Recent key developments in cybersecurity include the publication of the following draft and final laws and regulations for public review and comment:
- April 2017 - draft Cryptography Law of the People’s Republic of China (Cryptography Law);
- April/May 2017 - draft Measures for the Security Assessment of Outbound Transfer of Personal Information and Important Data (Data Transfer Measures);
- May/August 2017 - draft Information Security Technology Guidelines for Cross-Border Data Transfer Security Assessment (Data Transfer Guidelines);
- July 2017 - draft Regulations on the Security Protection of Critical Information Infrastructure (CII Regulations);
- January/May 2018 - Personal Information Security Specification (GB/T 352730-2017) (PI Specification); and
- June 2018 - draft Regulations on the Classified Network Security Protection (Graded Network Classification Regulations).
On 13 April 2017, the Office of the State Commercial Cryptography Administration (OSCCA) published the draft Cryptography Law for review and comment. Significant highlights of the draft law include:
- The Cryptography Law categorises cryptography into ‘core cryptography’, ‘ordinary cryptography’ and ‘commercial cryptography’. Core cryptography or ordinary cryptography may be used to protect state secrets, and commercial cryptography may only be used to protect information that does not fall within state secrets. Export of core cryptography or ordinary cryptography outside of China is prohibited, and the import or export of ‘commercial cryptography’ is subject to the government approval. The Cryptography Law empowers the Ministry of Commerce, OSCCA and the PRC General Administration of Customs to jointly formulate and publish the Import/Export Catalogue of Commercial Cryptography for Administration.
- CII should employ cryptography to protect systems in accordance with applicable laws and regulations and national mandatory standards relating to cryptography, and cryptography protection systems must be planned, built and operated simultaneously with other systems of CII.
- If required for national security or for criminal investigations, the MPS, the Ministry of State Security and the relevant People’s Procuratorates may require telecommunications operators and internet service providers to provide technical support for decryption.
Data Transfer Measures
On 11 April 2017, the CAC released the draft Transfer Measures for review and comment, which were revised and republished on 19 May 2017. The draft measures are principally concerned with ordering a system for assessing the security of cross-border data transfers and establishing a two-tier assessment framework comprised of network operator self-assessments and, where required, governmental assessments. A network operator self-assessment would include pre-transmission assessments and periodic assessments to be conducted annually. In particular, the Data Transfer Measures are especially significant because, for the first time, a specific framework has been put forward to guide the conduct of mandated security assessments, which would be expanded to encompass every ‘network operator’ and, by reference, any other person or entity involved with the provision of regulated data to an overseas destination.
Data Transfer Guidelines
Following the publication of the draft Transfer Measures, on 27 May 2017, the NISSTC released the Draft Transfer Guidelines for review and comment, which were revised and republished on 30 August 2017. As compared with the Data Transfer Measures, these draft guidelines propose more detailed guidance with respect to the implementation of a security assessment programme. The network operator initiates the self-assessment by formulating a data export plan, which is required to set out the purpose, scope, type and scale of the data export, the IT system involved, the transit country and the destination, and the security control measures to be taken. The security assessment is intended to demonstrate that the proposed outbound transfer is lawful and justified, and that the risks are controllable. The degree of risk is to be assessed by taking into account both the characteristics of the data (eg, the volume, scope, type, sensitivity and technical measures) and the possibility of security breach incidents, which requires an evaluation of the technical safeguards and management capabilities of both the data exporter and the recipient, as well as the legal and political environment of the destination country.

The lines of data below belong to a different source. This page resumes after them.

(* Let $x\in(0,\pi/2)$, $p\in\mathbb{R}$, and consider the double inequality \[ \frac{1-(\cos x)^{q_2}}{3q_2}<\frac{1-\left(\frac{\sin x}{x}\right)^{p}}{p}<\frac{1-(\cos x)^{q_1}}{3q_1}. \tag{$*$} \] (i) If $p\ge \frac{\pi^2}{4}-1$, then $( * )$ holds for $q_2\ge \frac p3+\frac8{15}$ and $q_1\le 1$. (ii) If $p\in[\frac75,\frac{\pi^2}{4}-1)$, then $( * )$ holds for $q_2\ge \frac p3+\frac8{15}$ and $q_1\le \frac{34}{35}$. (iii) If $p\in[\frac{46}{35},\frac75)$, then $( * )$ holds for $q_2\ge 1$ and $q_1\le\frac{34}{35}$. (iv) If $p<\frac{46}{35}$, then $( * )$ holds for $q_2\ge1$ and $q_1\le \frac p3+\frac8{15}$.
   Context: When $p=0$, $\frac{1-(\sin x/x)^p}{p}$ means $-\ln\frac{\sin x}{x}$; when $q_i=0$, $\frac{1-(\cos x)^{q_i}}{3q_i}$ means $-\frac13\ln\cos x$ (the limits of these expressions). *)

theory Defs
  imports Complex_Main
begin

definition Fsin :: "real \<Rightarrow> real \<Rightarrow> real" where
  "Fsin p x = (if p = 0 then - ln (sin x / x) else (1 - (sin x / x) powr p) / p)"

definition Gcos :: "real \<Rightarrow> real \<Rightarrow> real" where
  "Gcos q x = (if q = 0 then - ln (cos x) / 3 else (1 - (cos x) powr q) / (3 * q))"

definition double_ineq :: "real \<Rightarrow> real \<Rightarrow> real \<Rightarrow> real \<Rightarrow> bool" where
  "double_ineq p q1 q2 x \<longleftrightarrow> Gcos q2 x < Fsin p x \<and> Fsin p x < Gcos q1 x"

end

theory Submission
  imports Defs "HOL-Analysis.Complex_Transcendental" "HOL-Real_Asymp.Real_Asymp"
begin

text \<open>Write \<open>a = -ln (sin x / x)\<close>, \<open>b = -ln (cos x)\<close> and
  \<open>\<Phi>\<^sub>p(t) = (1 - exp (-p t)) / p\<close>; then the middle term of the double inequality is
  \<open>\<Phi>\<^sub>p(a)\<close> and the outer terms are \<open>\<Phi>\<^sub>q(b) / 3\<close>. All of them vanish at \<open>0\<^sup>+\<close>, so it suffices
  to compare derivatives, and the logarithm of the ratio of the derivatives is
  \<open>l - (p - 1) a + (q - 1) b\<close> with \<open>l = ln (3 (sin x - x cos x) / (x\<^sup>2 sin x))\<close>.
  The four ranges of \<open>p\<close> are handled by linear combinations of the four inequalities
  \<open>2/5 a < l\<close>, \<open>35 l < 11 a + b\<close>, \<open>l < (\<pi>\<^sup>2/4 - 2) a\<close> and \<open>3 a < b\<close> on \<open>(0, \<pi>/2)\<close>, and the outer
  terms are decreasing in \<open>q\<close>. The four inequalities are again proved by comparing
  derivatives; the resulting trigonometric polynomials are shown positive by repeated
  differentiation, except for the third one: there the numerator is bounded by Taylor
  polynomials for \<open>x \<le> 37/25\<close>, and on \<open>[37/25, \<pi>/2]\<close> it decreases to its value \<open>0\<close> at \<open>\<pi>/2\<close>.\<close>

section \<open>Taylor bounds and positivity from the derivative\<close>

lemma sin_le_Maclaurin_sum:
  assumes "0 \<le> x" "x \<le> pi"
  shows "sin x \<le> (\<Sum>m<4*k+2. sin_coeff m * x ^ m)"
proof (cases "x = 0")
  case False
  then obtain t where t: "0 < t" "t \<le> x"
    and sin_x: "sin x = (\<Sum>m<4*k+2. sin_coeff m * x ^ m) + sin (t + 1/2 * real (4*k+2) * pi) / fact (4*k+2) * x ^ (4*k+2)"
    using Maclaurin_sin_expansion4[of x "4*k+2"] assms by auto
  have shift: "t + 1/2 * real (4*k+2) * pi = (t + pi) + 2 * real k * pi" by (simp add: algebra_simps)
  have "sin (t + 1/2 * real (4*k+2) * pi) = - sin t" by (subst shift) (simp add: sin_add)
  moreover have "0 \<le> sin t" using t assms by (intro sin_ge_zero) auto
  ultimately show ?thesis using sin_x assms by (simp add: mult_nonneg_nonneg)
qed (simp add: sin_coeff_def)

On 10 July 2017, the CAC published the draft CII Regulations for review and comment. Significant highlights of the draft regulations include expanding the conceptual scope of CII to encompass the additional industrial sectors and establishment of specified responsibilities of a CII operator’s ‘responsible person’ and establishment of prerequisite qualification requirements with respect to key technical personnel.
On 25 January 2018, the SAC published the PI Specification with effectiveness from 1 May 2018. Significant highlights of the specification include expanded definition of PI (including the establishment of the sub subcategory of ‘sensitive PI’) and ‘PI controller’; establishment heightened requirements with respect to the collection, preservation, usage, disposition and other related PI-processing activities; enumeration of PI subject rights; and identification of expanded obligations for PI controllers.
Graded Network Classification Regulation
On 27 June 2018, the MPS published the draft Graded Network Classification Regulations for public comment. Significant highlights of the draft regulations include:
- establishment of a revised graded network classification system;
- requirement for all networks to establish a comprehensive network cybersecurity protection systems;
- networks Grade II or above must satisfy a network expert review, with results to be provided to the industry regulator for approval. In addition, any Grade II and above network must be satisfactorily tested prior to use; and
- networks Grade III and above must satisfy additional specified measures, including provision of an annual report to the MPS and limitation of its maintenance work in the PRC.